Страница 15 из 17
- Ну, Ауксилиуме, - уже не так уверено ответил тот.
- Да, что ты заладил – помоги, да помоги? С чем помогать-то? Наркота как называется?
- Погоди, - начало доходить до следователя. - так Ауксилиуме это…
- "Помоги мне" на латыни, - подтвердил его подозрения приятель. - Так чем помочь?
- Да ты уже… Спасибо.
И вот сейчас Тарас спешил к их штатному патологоанатому, надеясь добыть у него номер телефона этого блондинистого недоразумения.
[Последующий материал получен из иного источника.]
(* In the algebra $\mathcal O_q$ defined in the context, the following relations hold for all integers $k\ge1$: $[\tilde{\mathcal G}_{k+1},\mathcal W_0]=\dfrac{[\mathcal W_0,[\mathcal W_0,[\mathcal W_1,\tilde{\mathcal G}_k]_q]_q]}{(q^2-q^{-2})^2}$ and $[\mathcal W_1,\tilde{\mathcal G}_{k+1}]=\dfrac{[[[\tilde{\mathcal G}_k,\mathcal W_0]_q,\mathcal W_1]_q,\mathcal W_1]}{(q^2-q^{-2})^2}$.
   Context: All algebras are associative and unital over a field $\mathbb F$; $q\in\mathbb F$ is nonzero and not a root of unity. For elements $X,Y$ of an algebra, $[X,Y]=XY-YX$ and $[X,Y]_q=qXY-q^{-1}YX$. Let $\rho=-(q^2-q^{-2})^2$. The algebra $\mathcal O_q$ is defined by generators $\mathcal W_{-k},\mathcal W_{k+1},\mathcal G_{k+1},\tilde{\mathcal G}_{k+1}$ ($k\in\mathbb N$) and the following relations for all $k,\ell\in\mathbb N$: $[\mathcal W_0,\mathcal W_{k+1}]=[\mathcal W_{-k},\mathcal W_1]=(\tilde{\mathcal G}_{k+1}-\mathcal G_{k+1})/(q+q^{-1})$; $[\mathcal W_0,\mathcal G_{k+1}]_q=[\tilde{\mathcal G}_{k+1},\mathcal W_0]_q=\rho\mathcal W_{-k-1}-\rho\mathcal W_{k+1}$; $[\mathcal G_{k+1},\mathcal W_1]_q=[\mathcal W_1,\tilde{\mathcal G}_{k+1}]_q=\rho\mathcal W_{k+2}-\rho\mathcal W_{-k}$; $[\mathcal W_{-k},\mathcal W_{-\ell}]=0$, $[\mathcal W_{k+1},\mathcal W_{\ell+1}]=0$; $[\mathcal W_{-k},\mathcal W_{\ell+1}]+[\mathcal W_{k+1},\mathcal W_{-\ell}]=0$; $[\mathcal W_{-k},\mathcal G_{\ell+1}]+[\mathcal G_{k+1},\mathcal W_{-\ell}]=0$; $[\mathcal W_{-k},\tilde{\mathcal G}_{\ell+1}]+[\tilde{\mathcal G}_{k+1},\mathcal W_{-\ell}]=0$; $[\mathcal W_{k+1},\mathcal G_{\ell+1}]+[\mathcal G_{k+1},\mathcal W_{\ell+1}]=0$; $[\mathcal W_{k+1},\tilde{\mathcal G}_{\ell+1}]+[\tilde{\mathcal G}_{k+1},\mathcal W_{\ell+1}]=0$; $[\mathcal G_{k+1},\mathcal G_{\ell+1}]=0$, $[\tilde{\mathcal G}_{k+1},\tilde{\mathcal G}_{\ell+1}]=0$; $[\tilde{\mathcal G}_{k+1},\mathcal G_{\ell+1}]+[\mathcal G_{k+1},\tilde{\mathcal G}_{\ell+1}]=0$. *)

theory Defs
  imports Main
begin

text \<open>An associative unital algebra over a field 'k is a ring 'a together with a
  unital ring homomorphism from 'k into the centre of 'a (the structure map);
  scalar multiplication c.x is then (sm c * x).\<close>

definition alg_structure_map :: "('k::field \<Rightarrow> 'a::ring_1) \<Rightarrow> bool" where
  "alg_structure_map sm \<longleftrightarrow>
     (\<forall>a b. sm (a + b) = sm a + sm b) \<and>
     (\<forall>a b. sm (a * b) = sm a * sm b) \<and>
     sm 1 = 1 \<and>
     (\<forall>c x. sm c * x = x * sm c)"

definition comm :: "'a::ring \<Rightarrow> 'a \<Rightarrow> 'a" where
  "comm X Y = X * Y - Y * X"

definition qcomm :: "('k::field \<Rightarrow> 'a::ring_1) \<Rightarrow> 'k \<Rightarrow> 'a \<Rightarrow> 'a \<Rightarrow> 'a" where
  "qcomm sm q X Y = sm q * X * Y - sm (inverse q) * Y * X"

definition rho :: "'k::field \<Rightarrow> 'k" where
  "rho q = - ((q^2 - inverse (q^2))^2)"

text \<open>Defining relations of O_q, for elements W (indexed by all integers:
  W j stands for \<W>_j), G j = \<G>_j and Gt j = \<tilde>\<G>_j (only indices j \<ge> 1 matter).\<close>
definition Oq_relations ::
  "('k::field \<Rightarrow> 'a::ring_1) \<Rightarrow> 'k \<Rightarrow> (int \<Rightarrow> 'a) \<Rightarrow> (nat \<Rightarrow> 'a) \<Rightarrow> (nat \<Rightarrow> 'a) \<Rightarrow> bool" where
  "Oq_relations sm q W G Gt \<longleftrightarrow>
   (\<forall>k l :: nat.
      comm (W 0) (W (int k + 1)) = sm (inverse (q + inverse q)) * (Gt (k+1) - G (k+1)) \<and>
      comm (W (- int k)) (W 1) = sm (inverse (q + inverse q)) * (Gt (k+1) - G (k+1)) \<and>
      qcomm sm q (W 0) (G (k+1)) = sm (rho q) * W (- int k - 1) - sm (rho q) * W (int k + 1) \<and>
      qcomm sm q (Gt (k+1)) (W 0) = sm (rho q) * W (- int k - 1) - sm (rho q) * W (int k + 1) \<and>
      qcomm sm q (G (k+1)) (W 1) = sm (rho q) * W (int k + 2) - sm (rho q) * W (- int k) \<and>
      qcomm sm q (W 1) (Gt (k+1)) = sm (rho q) * W (int k + 2) - sm (rho q) * W (- int k) \<and>
      comm (W (- int k)) (W (- int l)) = 0 \<and>
      comm (W (int k + 1)) (W (int l + 1)) = 0 \<and>
      comm (W (- int k)) (W (int l + 1)) + comm (W (int k + 1)) (W (- int l)) = 0 \<and>
      comm (W (- int k)) (G (l+1)) + comm (G (k+1)) (W (- int l)) = 0 \<and>
      comm (W (- int k)) (Gt (l+1)) + comm (Gt (k+1)) (W (- int l)) = 0 \<and>
      comm (W (int k + 1)) (G (l+1)) + comm (G (k+1)) (W (int l + 1)) = 0 \<and>
      comm (W (int k + 1)) (Gt (l+1)) + comm (Gt (k+1)) (W (int l + 1)) = 0 \<and>
      comm (G (k+1)) (G (l+1)) = 0 \<and>
      comm (Gt (k+1)) (Gt (l+1)) = 0 \<and>
      comm (Gt (k+1)) (G (l+1)) + comm (G (k+1)) (Gt (l+1)) = 0)"

end

theory Submission
  imports Defs
begin

(* Write k = m + 1. The defining relations give [W_1, Gt_(m+1)]_q = rho (W_(m+2) - W_(-m)).
   The derivation [W_0, -] commutes with [W_0, -]_q and W_0 commutes with W_(-m), so the
   outer commutator kills the second term. For the first, [W_0, W_(m+2)] = (Gt_(m+2) - G_(m+2))/(q + q^-1)
   and [W_0, G_(m+2)]_q = [Gt_(m+2), W_0]_q combine to [W_0, [W_0, W_(m+2)]_q] = [W_0, Gt_(m+2)].
   As (q^2 - q^-2)^2 = -rho, this is the first relation; the second is its mirror image under
   W_0 <-> W_1 with all products reversed. *)

lemma plus_inverse_nonzero:
  fixes q :: "'k::field"
  assumes "q \<noteq> 0" and "q ^ 4 \<noteq> 1"
  shows "q + inverse q \<noteq> 0"
proof
  assume "q + inverse q = 0"
  then have "q\<^sup>2 + 1 = 0"
    using assms(1) by (simp add: power2_eq_square field_simps)
  then have "q\<^sup>2 = -1"
    by (simp add: eq_neg_iff_add_eq_0)
  then have "q\<^sup>2 * q\<^sup>2 = 1"
    by simp
  then have "q ^ 4 = 1"
    by (simp flip: power_add)
  with assms(2) show False ..
qed

lemma square_minus_inverse_square_nonzero:
  fixes q :: "'k::field"
  assumes "q \<noteq> 0" and "q ^ 4 \<noteq> 1"
  shows "q\<^sup>2 - inverse (q\<^sup>2) \<noteq> 0"
proof
  assume "q\<^sup>2 - inverse (q\<^sup>2) = 0"
  then have "q\<^sup>2 * q\<^sup>2 = 1"
    using assms(1) by (simp add: field_simps)
  then have "q ^ 4 = 1"
    by (simp flip: power_add)
  with assms(2) show False ..
qed

lemma comm_diff_right: "comm a (x - y) = comm a x - comm a y"
  unfolding comm_def by (simp add: algebra_simps)

lemma comm_diff_left: "comm (x - y) b = comm x b - comm y b"
  unfolding comm_def by (simp add: algebra_simps)

lemma comm_anticommute: "comm a b = - comm b a"
  unfolding comm_def by simp

lemma qcomm_diff_right: "qcomm sm q a (x - y) = qcomm sm q a x - qcomm sm q a y"
  unfolding qcomm_def by (simp add: algebra_simps)

lemma qcomm_diff_left: "qcomm sm q (x - y) b = qcomm sm q x b - qcomm sm q y b"
  unfolding qcomm_def by (simp add: algebra_simps)

lemma qcomm_zero_right [simp]: "qcomm sm q a 0 = 0"
  unfolding qcomm_def by simp

lemma qcomm_zero_left [simp]: "qcomm sm q 0 b = 0"
  unfolding qcomm_def by simp

lemma qcomm_minus_qcomm_swap:
  "qcomm sm q a x - qcomm sm q x a = (sm q + sm (inverse q)) * comm a x"
  unfolding qcomm_def comm_def by (simp add: algebra_simps)

locale central_scalars =
  fixes sm :: "'k::field \<Rightarrow> 'a::ring_1"
  assumes structure_map: "alg_structure_map sm"
begin

lemma add: "sm (a + b) = sm a + sm b"
  using structure_map unfolding alg_structure_map_def by blast

lemma mult: "sm (a * b) = sm a * sm b"
  using structure_map unfolding alg_structure_map_def by blast

lemma one: "sm 1 = 1"
  using structure_map unfolding alg_structure_map_def by blast

lemma central: "sm c * x = x * sm c"
  using structure_map unfolding alg_structure_map_def by blast

lemma minus: "sm (- a) = - sm a"
proof -
  have "sm 0 = 0"
    using add[of 0 0] by simp
  then have "sm (- a) + sm a = 0"
    using add[of "- a" a] by simp
  then show ?thesis
    by (simp add: eq_neg_iff_add_eq_0)
qed

lemma inverse_cancel: "c \<noteq> 0 \<Longrightarrow> sm (inverse c) * (sm c * x) = x"
  by (simp flip: mult.assoc mult add: one)

(* As a simp rule this loops on products of two scalars, so it is only used instantiated. *)
lemma mult_scale_right: "y * (sm c * x) = sm c * (y * x)"
  by (metis central mult.assoc)

lemma scale_left_commute: "sm a * (sm b * x) = sm b * (sm a * x)"
  by (metis mult_scale_right)

lemma comm_scale_right: "comm y (sm c * x) = sm c * comm y x"
  unfolding comm_def by (simp add: mult_scale_right[of y] mult.assoc right_diff_distrib)

lemma comm_scale_left: "comm (sm c * x) y = sm c * comm x y"
  unfolding comm_def by (simp add: mult_scale_right[of y] mult.assoc right_diff_distrib)

lemma qcomm_scale_right: "qcomm sm q y (sm c * x) = sm c * qcomm sm q y x"
  unfolding qcomm_def
  by (simp add: mult_scale_right[of y] scale_left_commute mult.assoc right_diff_distrib)

lemma qcomm_scale_left: "qcomm sm q (sm c * x) y = sm c * qcomm sm q x y"
  unfolding qcomm_def
  by (simp add: mult_scale_right[of y] scale_left_commute mult.assoc right_diff_distrib)

lemma comm_qcomm_same_left: "comm a (qcomm sm q a x) = qcomm sm q a (comm a x)"
  unfolding qcomm_def comm_def by (simp add: mult_scale_right[of a] algebra_simps)

lemma comm_qcomm_same_right: "comm (qcomm sm q x b) b = qcomm sm q (comm x b) b"
  unfolding qcomm_def comm_def by (simp add: mult_scale_right[of b] algebra_simps)

end

lemma Oq_qcomm_W0_G_eq_qcomm_Gt_W0:
  assumes "Oq_relations sm q W G Gt"
  shows "qcomm sm q (W 0) (G (k + 1)) = qcomm sm q (Gt (k + 1)) (W 0)"
  using assms[unfolded Oq_relations_def, rule_format, of k 0] by (elim conjE) (simp only:)

lemma Oq_qcomm_G_W1_eq_qcomm_W1_Gt:
  assumes "Oq_relations sm q W G Gt"
  shows "qcomm sm q (G (k + 1)) (W 1) = qcomm sm q (W 1) (Gt (k + 1))"
  using assms[unfolded Oq_relations_def, rule_format, of k 0] by (elim conjE) (simp only:)

context central_scalars
begin

lemma inverse_rho_cancel:
  assumes "q\<^sup>2 - inverse (q\<^sup>2) \<noteq> 0"
  shows "sm (inverse ((q\<^sup>2 - inverse (q\<^sup>2))\<^sup>2)) * (sm (rho q) * x) = - x"
  using inverse_cancel[of "(q\<^sup>2 - inverse (q\<^sup>2))\<^sup>2" x] assms
  by (simp add: rho_def minus)

lemma comm_qcomm_same_left_eq:
  assumes "q + inverse q \<noteq> 0"
    and "comm a u = sm (inverse (q + inverse q)) * (x - y)"
    and "qcomm sm q a y = qcomm sm q x a"
  shows "comm a (qcomm sm q a u) = comm a x"
proof -
  have "comm a (qcomm sm q a u) = sm (inverse (q + inverse q)) * (qcomm sm q a x - qcomm sm q x a)"
    by (simp add: comm_qcomm_same_left assms(2,3) qcomm_scale_right qcomm_diff_right)
  also have "\<dots> = sm (inverse (q + inverse q)) * (sm (q + inverse q) * comm a x)"
    by (simp add: qcomm_minus_qcomm_swap add)
  finally show ?thesis
    using inverse_cancel assms(1) by simp
qed

lemma comm_qcomm_same_right_eq:
  assumes "q + inverse q \<noteq> 0"
    and "comm u b = sm (inverse (q + inverse q)) * (x - y)"
    and "qcomm sm q y b = qcomm sm q b x"
  shows "comm (qcomm sm q u b) b = comm x b"
proof -
  have "comm (qcomm sm q u b) b = sm (inverse (q + inverse q)) * (qcomm sm q x b - qcomm sm q b x)"
    by (simp add: comm_qcomm_same_right assms(2,3) qcomm_scale_left qcomm_diff_left)
  also have "\<dots> = sm (inverse (q + inverse q)) * (sm (q + inverse q) * comm x b)"
    by (simp add: qcomm_minus_qcomm_swap add)
  finally show ?thesis
    using inverse_cancel assms(1) by simp
qed

lemma Oq_comm_W0_qcomm_W0_qcomm_W1_Gt:
  assumes "q + inverse q \<noteq> 0" and "Oq_relations sm q W G Gt"
  shows "comm (W 0) (qcomm sm q (W 0) (qcomm sm q (W 1) (Gt (k + 1)))) =
           sm (rho q) * comm (W 0) (Gt (k + 2))"
proof -
  note R = assms(2)[unfolded Oq_relations_def, rule_format]
  have index: "int (k + 1) + 1 = int k + 2" "k + 1 + 1 = k + 2"
    by simp_all
  have "comm (W 0) (qcomm sm q (W 0) (W (int k + 2))) = comm (W 0) (Gt (k + 2))"
  proof (rule comm_qcomm_same_left_eq[OF assms(1)])
    show "comm (W 0) (W (int k + 2)) = sm (inverse (q + inverse q)) * (Gt (k + 2) - G (k + 2))"
      using R[of "k + 1" 0, unfolded index] by blast
    show "qcomm sm q (W 0) (G (k + 2)) = qcomm sm q (Gt (k + 2)) (W 0)"
      using Oq_qcomm_W0_G_eq_qcomm_Gt_W0[OF assms(2), of "k + 1", unfolded index] .
  qed
  moreover have "comm (W 0) (qcomm sm q (W 0) (W (- int k))) = 0"
    using R[of 0 k] by (simp add: comm_qcomm_same_left)
  moreover have "qcomm sm q (W 1) (Gt (k + 1)) = sm (rho q) * (W (int k + 2) - W (- int k))"
    using R[of k 0] by (simp add: right_diff_distrib)
  ultimately show ?thesis
    by (simp only: qcomm_scale_right qcomm_diff_right comm_scale_right comm_diff_right diff_zero)
qed

lemma Oq_comm_qcomm_qcomm_Gt_W0_W1_W1:
  assumes "q + inverse q \<noteq> 0" and "Oq_relations sm q W G Gt"
  shows "comm (qcomm sm q (qcomm sm q (Gt (k + 1)) (W 0)) (W 1)) (W 1) =
           sm (rho q) * comm (Gt (k + 2)) (W 1)"
proof -
  note R = assms(2)[unfolded Oq_relations_def, rule_format]
  have index: "- int (k + 1) = - int k - 1" "k + 1 + 1 = k + 2"
    by simp_all
  have "comm (qcomm sm q (W (- int k - 1)) (W 1)) (W 1) = comm (Gt (k + 2)) (W 1)"
  proof (rule comm_qcomm_same_right_eq[OF assms(1)])
    show "comm (W (- int k - 1)) (W 1) = sm (inverse (q + inverse q)) * (Gt (k + 2) - G (k + 2))"
      using R[of "k + 1" 0, unfolded index] by blast
    show "qcomm sm q (G (k + 2)) (W 1) = qcomm sm q (W 1) (Gt (k + 2))"
      using Oq_qcomm_G_W1_eq_qcomm_W1_Gt[OF assms(2), of "k + 1", unfolded index] .
  qed
  moreover have "comm (qcomm sm q (W (int k + 1)) (W 1)) (W 1) = 0"
    using R[of k 0] by (simp add: comm_qcomm_same_right)
  moreover have "qcomm sm q (Gt (k + 1)) (W 0) = sm (rho q) * (W (- int k - 1) - W (int k + 1))"
    using R[of k 0] by (simp add: right_diff_distrib)
  ultimately show ?thesis
    by (simp only: qcomm_scale_left qcomm_diff_left comm_scale_left comm_diff_left diff_zero)
qed

end

theorem lemma6p1:
  fixes sm :: "'k::field \<Rightarrow> 'a::ring_1"
    and q :: 'k
    and W :: "int \<Rightarrow> 'a" and G Gt :: "nat \<Rightarrow> 'a"
  assumes "alg_structure_map sm"
    and "q \<noteq> 0"
    and "\<forall>n::nat. n > 0 \<longrightarrow> q ^ n \<noteq> 1"
    and "Oq_relations sm q W G Gt"
    and "k \<ge> 1"
  shows "comm (Gt (k+1)) (W 0) =
           sm (inverse ((q^2 - inverse (q^2))^2)) *
             comm (W 0) (qcomm sm q (W 0) (qcomm sm q (W 1) (Gt k))) \<and>
         comm (W 1) (Gt (k+1)) =
           sm (inverse ((q^2 - inverse (q^2))^2)) *
             comm (qcomm sm q (qcomm sm q (Gt k) (W 0)) (W 1)) (W 1)"
proof -
  interpret central_scalars sm
    by (rule central_scalars.intro) (fact assms(1))
  have "q ^ 4 \<noteq> 1"
    using assms(3) by simp
  then have q_plus: "q + inverse q \<noteq> 0" and q_minus: "q\<^sup>2 - inverse (q\<^sup>2) \<noteq> 0"
    using assms(2) plus_inverse_nonzero square_minus_inverse_square_nonzero by blast+
  obtain m where k: "k = m + 1"
    using assms(5) by (metis add.commute le_add_diff_inverse)
  then have k_succ: "k + 1 = m + 2"
    by simp
  have "comm (Gt (m + 2)) (W 0) =
          sm (inverse ((q\<^sup>2 - inverse (q\<^sup>2))\<^sup>2)) *
            comm (W 0) (qcomm sm q (W 0) (qcomm sm q (W 1) (Gt (m + 1))))"
    unfolding Oq_comm_W0_qcomm_W0_qcomm_W1_Gt[OF q_plus assms(4)] inverse_rho_cancel[OF q_minus]
    by (rule comm_anticommute)
  moreover have "comm (W 1) (Gt (m + 2)) =
          sm (inverse ((q\<^sup>2 - inverse (q\<^sup>2))\<^sup>2)) *
            comm (qcomm sm q (qcomm sm q (Gt (m + 1)) (W 0)) (W 1)) (W 1)"
    unfolding Oq_comm_qcomm_qcomm_Gt_W0_W1_W1[OF q_plus assms(4)] inverse_rho_cancel[OF q_minus]
    by (rule comm_anticommute)
  ultimately show ?thesis
    unfolding k_succ unfolding k by blast
qed

end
Вначале он хотел поймать того в больнице, но отловленная в коридоре медсестра сообщила, что вчера был его последний день. А Олег, оказавшийся главным хирургом, работает сегодня только в ночную смену. Так что оставался лишь один вариант - Михал Борисыч.
Но жизнь полна сюрпризов, как оказалось. В морге, кроме уже упомянутого патологоанатома, находились также Настя и искомая пропажа собственной персоной. Подруга стояла спиной ко входу, а потому не видела, как появился Ефимов, и увлеченно продолжала свой рассказ:
- …влюбился, представляете? Нет, Вы, Михал Борисыч, прочувствовали всю масштабность катастрофы? Эта блондинка динамит его по-черному, а Ёфик срывает образовавшуюся в результате бурления гормонов энергию на нас! С этим срочно надо что-то делать! Я уже вторые сутки не сплю, а ведь это дело даже не моего отдела!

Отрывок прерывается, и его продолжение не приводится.